Let
import pyopencl as cl
import pyopencl.array as cl_array
import numpy
a = numpy.random.rand(50000).astype(numpy.float32)
mf = cl.mem_flags
What is the difference between
a_gpu = cl.Buffer(self.ctx, mf.READ_ONLY | mf.COPY_HOST_PTR, hostbuf=a)
and
a_gpu = cl_array.to_device(self.ctx, self.queue, a)
?
And what is the difference between
result = numpy.empty_like(a)
cl.enqueue_copy(self.queue, result, result_gpu)
and
result = result_gpu.get()
?
Buffers are CL's version of malloc
, while pyopencl.array.Array
is a workalike of numpy arrays on the compute device.
So for the second version of the first part of your question, you may write a_gpu + 2
to get a new arrays that has 2 added to each number in your array, whereas in the case of the Buffer
, PyOpenCL only sees a bag of bytes and cannot perform any such operation.

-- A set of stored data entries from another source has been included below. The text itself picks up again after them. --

text \<open>Dividing p(z) = 0 by z^(n-1) isolates the subleading coefficient.\<close>
lemma norm_root_plus_subleading_le:
  fixes p :: "complex poly" and z :: complex
  assumes "degree p = n" "coeff p n = 1" "n \<ge> 1" "poly p z = 0" "z \<noteq> 0"
  shows "norm (z + coeff p (n - 1)) \<le> (\<Sum>i<n - 1. norm (coeff p i) / norm z ^ (n - 1 - i))"
proof -
  obtain n' where n': "n = Suc n'" using assms(3) by (cases n) auto
  have "{..n} = {..<n - 1} \<union> {n - 1, n}" using assms(3) by auto
  then have "0 = (\<Sum>i<n - 1. coeff p i * z ^ i) + coeff p (n - 1) * z ^ (n - 1) + z ^ n"
    using assms(1-4) n' by (simp add: poly_altdef sum.union_disjoint add_ac)
  then have "z ^ (n - 1) * (z + coeff p (n - 1)) = - (\<Sum>i<n - 1. coeff p i * z ^ i)"
    unfolding n' by (simp add: algebra_simps eq_neg_iff_add_eq_0)
  then have "norm z ^ (n - 1) * norm (z + coeff p (n - 1)) \<le> (\<Sum>i<n - 1. norm (coeff p i) * norm z ^ i)"
    by (metis (no_types, lifting) norm_minus_cancel norm_mult norm_power norm_sum order.trans sum_mono order_refl)
  then have "norm (z + coeff p (n - 1)) \<le> (\<Sum>i<n - 1. norm (coeff p i) * norm z ^ i) / norm z ^ (n - 1)"
    using assms(5) by (simp add: field_simps)
  also have "\<dots> = (\<Sum>i<n - 1. norm (coeff p i) / norm z ^ (n - 1 - i))"
    unfolding sum_divide_distrib
  proof (intro sum.cong refl)
    fix i assume "i \<in> {..<n - 1}"
    then have "norm z ^ (n - 1) = norm z ^ i * norm z ^ (n - 1 - i)" by (simp add: power_add[symmetric])
    then show "norm (coeff p i) * norm z ^ i / norm z ^ (n - 1) = norm (coeff p i) / norm z ^ (n - 1 - i)"
      using assms(5) by simp
  qed
  finally show ?thesis .
qed
lemma sixty_four_dvd_pow4_snd:
  fixes d a b :: int
  assumes "even a" "even b"
  shows "64 dvd pow4_snd d a b"
proof -
  from assms obtain u v where "a = 2 * u" "b = 2 * v" by (auto elim!: evenE)
  then have "pow4_snd d a b = 16 * pow4_snd d u v" by (simp add: pow4_snd_mult)
  then show ?thesis using four_dvd_pow4_snd[of d u v] by auto
qed

lemma pow4_fst_mod_64: "pow4_fst (d::int) a b mod 64 = pow4_fst d (a mod 16) (b mod 16) mod 64"
proof -
  have "64 dvd pow4_fst d (a mod 16 + 16 * k) (b mod 16 + 16 * l) - pow4_fst d (a mod 16) (b mod 16)"
    for k l
    unfolding pow4_fst_def by algebra
  from this[of "a div 16" "b div 16"] show ?thesis by (simp add: mod_eq_dvd_iff)
qed

lemma pow4_snd_mod_64: "pow4_snd (d::int) a b mod 64 = pow4_snd d (a mod 16) (b mod 16) mod 64"
proof -
  have "64 dvd pow4_snd d (a mod 16 + 16 * k) (b mod 16 + 16 * l) - pow4_snd d (a mod 16) (b mod 16)"
    for k l
    unfolding pow4_snd_def by algebra
  from this[of "a div 16" "b div 16"] show ?thesis by (simp add: mod_eq_dvd_iff)
qed

lemma d_pow4_snd_mod_64: "d * pow4_snd d a b mod 64
    = d * pow4_snd (d::int) (a mod 16) (b mod 16) mod 64"
  by (metis mod_mult_right_eq pow4_snd_mod_64)

lemma int_less_16_cases:
  "(r::int) \<in> {0..<16} \<Longrightarrow> r = 0 \<or> r = 1 \<or> r = 2 \<or> r = 3 \<or> r = 4 \<or> r = 5 \<or> r = 6 \<or> r = 7 \<or>
     r = 8 \<or> r = 9 \<or> r = 10 \<or> r = 11 \<or> r = 12 \<or> r = 13 \<or> r = 14 \<or> r = 15"
  by simp presburger

lemma even_mod_16_iff: "even ((a::int) mod 16) \<longleftrightarrow> even a"
  by (simp add: mod_mod_cancel even_iff_mod_2_eq_zero)

section \<open>Sums of fourth powers modulo 64\<close>

lemma sum_mod_cong:
  fixes f g :: "'i \<Rightarrow> int"
  assumes "\<And>i. i \<in> S \<Longrightarrow> f i mod m = g i mod m"
  shows "(\<Sum>i\<in>S. f i) mod m = (\<Sum>i\<in>S. g i) mod m"
  by (metis (no_types, lifting) assms mod_sum_eq sum.cong)

text \<open>Each residue formula below is checked on \<open>a, b \<in> {0..<16}\<close> and then transferred by
  \<open>pow4_fst_mod_64\<close> and \<open>pow4_snd_mod_64\<close>.\<close>

lemma sum_pow4_fst_mod_16_pos:
  fixes d :: int and a b :: "'i \<Rightarrow> int"
  assumes d: "d = 2 \<or> d = 10" and S: "finite S"
  shows "(\<Sum>i\<in>S. pow4_fst d (a i) (b i)) mod 16 =
    (int (card {i\<in>S. odd (a i)}) + 4 * int (card {i\<in>S. even (a i) \<and> odd (b i)})) mod 16"
proof -
  have table: "pow4_fst d r s mod 64 mod 16 =
      (of_bool (odd r) + 4 * of_bool (even r \<and> odd s)) mod 16"
    if "r \<in> {0..<16}" "s \<in> {0..<16}" for r s
    using int_less_16_cases[OF that(1)] int_less_16_cases[OF that(2)] d
    by (elim disjE) (simp_all add: pow4_fst_def)
  have "pow4_fst d x y mod 16 = (of_bool (odd x) + 4 * of_bool (even x \<and> odd y)) mod 16" for x y
    using table[of "x mod 16" "y mod 16"]
    by (simp add: pow4_fst_mod_64[symmetric] even_mod_16_iff mod_mod_cancel)
  then have "(\<Sum>i\<in>S. pow4_fst d (a i) (b i)) mod 16 =
      (\<Sum>i\<in>S. of_bool (odd (a i)) + 4 * of_bool (even (a i) \<and> odd (b i))) mod 16"
    by (intro sum_mod_cong)
  with S show ?thesis by (simp add: sum.distrib sum_distrib_left[symmetric] Int_def)
qed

The second part of your question is the same in reverse: If you've got a PyOpenCL array, .get()
copies the data back and converts it into a (host-based) numpy array. Since numpy arrays are one of the more convenient ways to get contiguous memory in Python, the second variant with enqueue_copy
also ends up in a numpy array--but note that you could've copied this data into an array of any size (as long as it's big enough) and any type--the copy is performed as a bag of bytes, whereas .get()
makes sure you get the same size and type on the host.
Bonus fact: There is of course a Buffer underlying each PyOpenCL array. You can get it from the .data
attribute.